Prince Charles famously brings in his own organic vegetables and food to eat that come straight from his garden in Highgrove. Charles prefers poached plums from his estate, so his valet would often place up to four bottles of the treats in the estate’s fridge.
Family members typically arrive at the estate on Christmas Eve in the early afternoon, where they are ushered to their rooms to change for tea. At 4 p.m., they gathers in the White Drawing Room for tea and snacks, while children are given last-minute ornaments to decorate the Christmas tree. Then, everyone is ushered into the Red Drawing Room, where tables are set up with presents which are, again, displayed in order of royal precedence. (The family opens their presents on Christmas Eve rather than Christmas Day, as the queen believes Dec. 25 should be reserved for religion.)
Rather than fancy gifts, the royal family exchanges joke presents — the sillier, the better. Diana famously made a mistake during one of her first Christmases at Sandringham, bringing an expensive cashmere sweaters and luxury items to give to her in-laws. It appears that Kate has gotten the hang of royal gifting, as she reportedly gave Prince Harry a plastic Grow Your Own Girlfriend kit during an early visit. Previous gifts that made a splash include a padded toilet-seat cover that Princess Anne gave Prince Charles and a pepper mill that one family member gave to Prince Philip.
Later, the family changes once again for dinner, donning formal clothing and jewels. The adults and older children dine together, while the youngsters play in a nursery. After dinner, the queen stands to signal to the women in the party that they should move to another room for coffee, while the men stay behind for an after-dinner drink.
On Christmas Day
After breakfast, the entire royal family dons their best church clothing for a visit to the Sandringham parish church at 11 a.m., where they are usually greeted by a large crowd of fans and photographers, the service last exactly 12 minutes. Then, everyone heads back to the big house for lunch, which includes a Christmas turkey and a selection of cold meats, before watching the queen’s annual Christmas message on TV at 3 p.m.

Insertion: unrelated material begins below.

(* Let $f:\Sigma\to\mathbb{S}^4_1$ be a non-isotropic conformal marginally trapped immersion, $\{N_1,N_2\}$ a positively oriented orthonormal normal frame, and $z$ a local complex coordinate. Then the canonical lift of the null Gauss map $G$ with respect to $z$ is $$Y=\frac{e^{u}}{\sqrt2\,|\xi_1-\xi_2|}(N_1+N_2),$$ which is independent of the choice of positively oriented frame. Moreover $V^\perp=\mathbb{R}f$ and the normal Hopf differential of $G$ is $$\kappa=\frac{(\xi_1-\xi_2)e^{u}}{\sqrt2\,|\xi_1-\xi_2|}\,f ,$$ so that, writing $\xi_1-\xi_2=|\xi_1-\xi_2|e^{i\theta}$ and $\kappa=kf$, one has $k=\frac{e^{u+i\theta}}{\sqrt2}$ and $e^{2u}=2|k|^2$. Furthermore $f_z=\sqrt2\,e^{u+i\theta}\big((u+i\theta)_{\bar z}Y-Y_{\bar z}\big)$.
   Context: $\mathbb{R}^5_1$ is $\mathbb{R}^5$ with $\langle x,y\rangle=x_0y_0+x_1y_1+x_2y_2+x_3y_3-x_4y_4$ (complex-bilinearly extended), $\mathbb{S}^4_1=\{\langle x,x\rangle=1\}$, future pointing means $\langle X,e_4\rangle<0$; $\mathcal L$ is the light cone, $\mathbb{S}^3\cong P(\mathcal L)$. $f$ conformal spacelike immersion, $\langle f_z,f_{\bar z}\rangle=e^{2u}$. Positively oriented orthonormal normal frame: $\langle N_1,N_1\rangle=1,\langle N_2,N_2\rangle=-1,\langle N_1,N_2\rangle=0$, $N_2$ future pointing, orientation of $\nu(f)$. $\xi_1=\langle f_{zz},N_1\rangle$, $\xi_2=-\langle f_{zz},N_2\rangle$. $\mathbf H$ defined by $f_{z\bar z}=-e^{2u}f+e^{2u}\mathbf H$; marginally trapped: $\langle\mathbf H,\mathbf H\rangle=0$, orientation with $\mathbf H=h(N_1+N_2)$. Non-isotropic: $\xi_1^2-\xi_2^2$ never zero. Null Gauss map $G=[N_1+N_2]$. For a conformal immersion $\psi:\Sigma\to P(\mathcal L)$ and coordinate $z$: the canonical lift is the lift $Y$ into the future light cone with $\langle Y_z,Y_{\bar z}\rangle=\tfrac12$; $V=\mathrm{span}\{Y,Y_z,Y_{\bar z},Y_{z\bar z}\}$; $N\in\Gamma(V)$ is the unique section with $\langle N,N\rangle=\langle N,Y_z\rangle=0$, $\langle Y,N\rangle=-1$; the Schwarzian $s=2\langle Y_{zz},N\rangle$ and the normal Hopf differential $\kappa\in\Gamma(V^\perp\otimes\mathbb C)$ are defined by $Y_{zz}+\frac s2Y=\kappa$. *)

theory Defs
  imports "HOL-Analysis.Analysis"
begin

After lunch, the family is free to roam around the estate or, if they prefer, stay inside and watch TV, which is usually full of special Christmas-themed TV shows.

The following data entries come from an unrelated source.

(* If $N\le4$, then $\mathcal{SE}_2=\mathcal{SS}$: every superenergy tensor $T_{ab}\{\Omega_{[p]}\}$ of an arbitrary $p$-form $\Omega$ ($1\le p\le N$) equals the superenergy tensor of some simple form.
   Context: Lorentzian metric $g_{ab}$ of signature $(+,-,\dots,-)$ in dimension $N$ with a time orientation. Superenergy tensor of a $p$-form ($1\le p\le N$): $T_{ab}\{\Omega_{[p]}\}=\frac{(-1)^{p-1}}{(p-1)!}[\Omega_{a a_2\dots a_p}\Omega_b{}^{a_2\dots a_p}-\frac{1}{2p}(\Omega\cdot\Omega)g_{ab}]$, $\Omega\cdot\Omega$ full contraction (for an $N$-form $f\eta$ it is $\tfrac12f^2g_{ab}$). $\mathcal{SE}_2$ is the set of all such tensors for arbitrary $p$-forms; $\mathcal{SS}\subset\mathcal{SE}_2$ is the subset arising from simple $p$-forms (wedge products of $p$ linearly independent 1-forms). *)

theory Defs
  imports Complex_Main "HOL-Combinatorics.Permutations"
begin

text \<open>Components are taken with respect to a fixed coordinate basis of an
N-dimensional real vector space; indices range over 0..N-1.
A covariant p-tensor is a function from index lists of length p to reals.\<close>

definition idx :: "nat \<Rightarrow> nat \<Rightarrow> nat list set" where
  "idx N p = {xs. length xs = p \<and> set xs \<subseteq> {..<N}}"

definition eta :: "nat \<Rightarrow> nat \<Rightarrow> real" where
  "eta i j = (if i \<noteq> j then 0 else if i = 0 then 1 else -1)"

text \<open>g (lower components g_ab) is a Lorentzian metric of signature (+,-,...,-):
symmetric and admitting a basis e_0..e_{N-1} (e a i = a-th component of e_i)
which is orthonormal with g(e_i,e_j) = eta_ij.\<close>
definition lorentzian :: "nat \<Rightarrow> (nat \<Rightarrow> nat \<Rightarrow> real) \<Rightarrow> bool" where
  "lorentzian N g \<longleftrightarrow> (\<forall>a<N. \<forall>b<N. g a b = g b a) \<and>
     (\<exists>e :: nat \<Rightarrow> nat \<Rightarrow> real. \<forall>i<N. \<forall>j<N.
        (\<Sum>a<N. \<Sum>b<N. g a b * e a i * e b j) = eta i j)"

definition inverse_metric :: "nat \<Rightarrow> (nat \<Rightarrow> nat \<Rightarrow> real) \<Rightarrow> (nat \<Rightarrow> nat \<Rightarrow> real) \<Rightarrow> bool" where
  "inverse_metric N g gi \<longleftrightarrow>
     (\<forall>a<N. \<forall>c<N. (\<Sum>b<N. g a b * gi b c) = (if a = c then 1 else 0))"

definition is_form :: "nat \<Rightarrow> nat \<Rightarrow> (nat list \<Rightarrow> real) \<Rightarrow> bool" where
  "is_form N p \<Omega> \<longleftrightarrow> (\<forall>xs \<in> idx N p. \<forall>i<p. \<forall>j<p. i \<noteq> j \<longrightarrow>
      \<Omega> (xs[i := xs ! j, j := xs ! i]) = - \<Omega> xs)"

definition contr :: "(nat \<Rightarrow> nat \<Rightarrow> real) \<Rightarrow> nat list \<Rightarrow> nat list \<Rightarrow> real" where
  "contr gi xs ys = (\<Prod>k<length xs. gi (xs ! k) (ys ! k))"

definition fdot :: "nat \<Rightarrow> (nat \<Rightarrow> nat \<Rightarrow> real) \<Rightarrow> nat \<Rightarrow> (nat list \<Rightarrow> real) \<Rightarrow> real" where
  "fdot N gi p \<Omega> = (\<Sum>xs\<in>idx N p. \<Sum>ys\<in>idx N p. \<Omega> xs * \<Omega> ys * contr gi xs ys)"

definition superenergy ::
  "nat \<Rightarrow> (nat \<Rightarrow> nat \<Rightarrow> real) \<Rightarrow> (nat \<Rightarrow> nat \<Rightarrow> real) \<Rightarrow> nat \<Rightarrow> (nat list \<Rightarrow> real)
     \<Rightarrow> nat \<Rightarrow> nat \<Rightarrow> real" where
  "superenergy N g gi p \<Omega> a b =
     (-1) ^ (p - 1) / fact (p - 1) *
     ((\<Sum>xs\<in>idx N (p - 1). \<Sum>ys\<in>idx N (p - 1). \<Omega> (a # xs) * \<Omega> (b # ys) * contr gi xs ys)
      - 1 / (2 * real p) * fdot N gi p \<Omega> * g a b)"

text \<open>Wedge product theta_0 ^ ... ^ theta_{p-1} of 1-forms (theta i a = a-th component of theta_i).\<close>
definition wedge :: "nat \<Rightarrow> (nat \<Rightarrow> nat \<Rightarrow> real) \<Rightarrow> nat list \<Rightarrow> real" where
  "wedge p \<theta> xs = (\<Sum>\<sigma> \<in> {\<sigma>. \<sigma> permutes {..<p}}. of_int (sign \<sigma>) * (\<Prod>i<p. \<theta> (\<sigma> i) (xs ! i)))"

definition lin_indep_forms :: "nat \<Rightarrow> nat \<Rightarrow> (nat \<Rightarrow> nat \<Rightarrow> real) \<Rightarrow> bool" where
  "lin_indep_forms N p \<theta> \<longleftrightarrow>
     (\<forall>c :: nat \<Rightarrow> real. (\<forall>a<N. (\<Sum>i<p. c i * \<theta> i a) = 0) \<longrightarrow> (\<forall>i<p. c i = 0))"

end

theory Submission
  imports Defs "Jordan_Normal_Form.Determinant"
begin

(* 1-forms and N-forms are always simple, every 2-form in dimension N <= 3 satisfies the Pluecker
   relations for trivial reasons, and a 3-form in dimension 4 is fixed by four components that are
   easily matched by a wedge of three 1-forms; for all these the form itself is simple.
   The remaining case is a 2-form F in dimension 4. In an orthonormal frame its superenergy tensor is
   the Maxwell tensor, which is invariant under the duality rotations F -> cos t F + sin t *F.
   The Pluecker invariant F01 F23 - F02 F13 + F03 F12 changes sign under F -> *F, so by the
   intermediate value theorem it vanishes for some t. The rotated form then satisfies all Pluecker
   relations, hence is simple, and has the same superenergy tensor as F. *)

lemma idx_0: "idx N 0 = {[]}"
  unfolding idx_def by auto

lemma idx_Suc: "idx N (Suc p) = (\<lambda>(x, xs). x # xs) ` ({..<N} \<times> idx N p)"
  unfolding idx_def by (force simp: length_Suc_conv)

lemma sum_idx_Suc: "(\<Sum>xs\<in>idx N (Suc p). h xs) = (\<Sum>x<N. \<Sum>xs\<in>idx N p. h (x # xs))"
proof -
  have "inj_on (\<lambda>(x, xs). x # xs) ({..<N} \<times> idx N p)"
    by (auto simp: inj_on_def)
  then show ?thesis
    unfolding idx_Suc by (simp add: sum.reindex sum.cartesian_product split_def)
qed

lemma in_idx_iff: "xs \<in> idx N p \<longleftrightarrow> length xs = p \<and> (\<forall>x\<in>set xs. x < N)"
  unfolding idx_def by auto

lemma idx_SucE:
  assumes "xs \<in> idx N (Suc p)"
  obtains x ys where "xs = x # ys" "x < N" "ys \<in> idx N p"
  using assms unfolding idx_Suc by auto

lemma idx_twoE:
  assumes "xs \<in> idx N 2"
  obtains x y where "xs = [x, y]" "x < N" "y < N"
  using assms unfolding numeral_2_eq_2 by (elim idx_SucE) (auto simp: idx_0)

lemma sorted_idx_self_eq_upt:
  assumes "xs \<in> idx N N" "sorted_wrt (<) xs"
  shows "xs = [0..<N]"
proof -
  have "distinct xs" "length xs = N" "set xs \<subseteq> {..<N}"
    using assms by (auto simp: idx_def strict_sorted_iff)
  then have "set xs = {..<N}"
    by (metis card_lessThan card_subset_eq distinct_card finite_lessThan)
  then show ?thesis
    using assms(2) by (simp add: strict_sorted_equal lessThan_atLeast0)
qed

Following another traditional breakfast, the group heads out for an annual pheasant shoot on the estate. The men are the only people who are allowed to take part in the hunt, as ladies are not allowed to use a gun in the presence of the queen. Once the shoot is over, the party begins to break up, with everyone heading home to spend the holidays with other members of their families. Kate and William typically visit Kate’s parents in Bucklebury before heading to Balmoral to meet up with Charles and Camilla again. However, now that the Cambridges have a home at nearby Anmer Hall (which sits on the Sandringham grounds) there is talk that the Middletons will stay at Anmer Hall and join the royal family for various events during the holiday.
Anmer Hall built in 1802 in the Georgian style and renovated in 2015 at a cost of $3million dollars. Home to William and Kate and the kids.
While everyone else takes off, the queen and Prince Philip will remain at Sandringham until February. Reportedly, the queen insists that the Christmas decorations stay up during her entire term at the estate.
I wonder how will Meghan manage all that? She is not a Royal and very low on the totem pole. She will have to prove herself to the Queen and the rest of the family, this is probably the most difficult part. Fail and you are in for a lot of misery.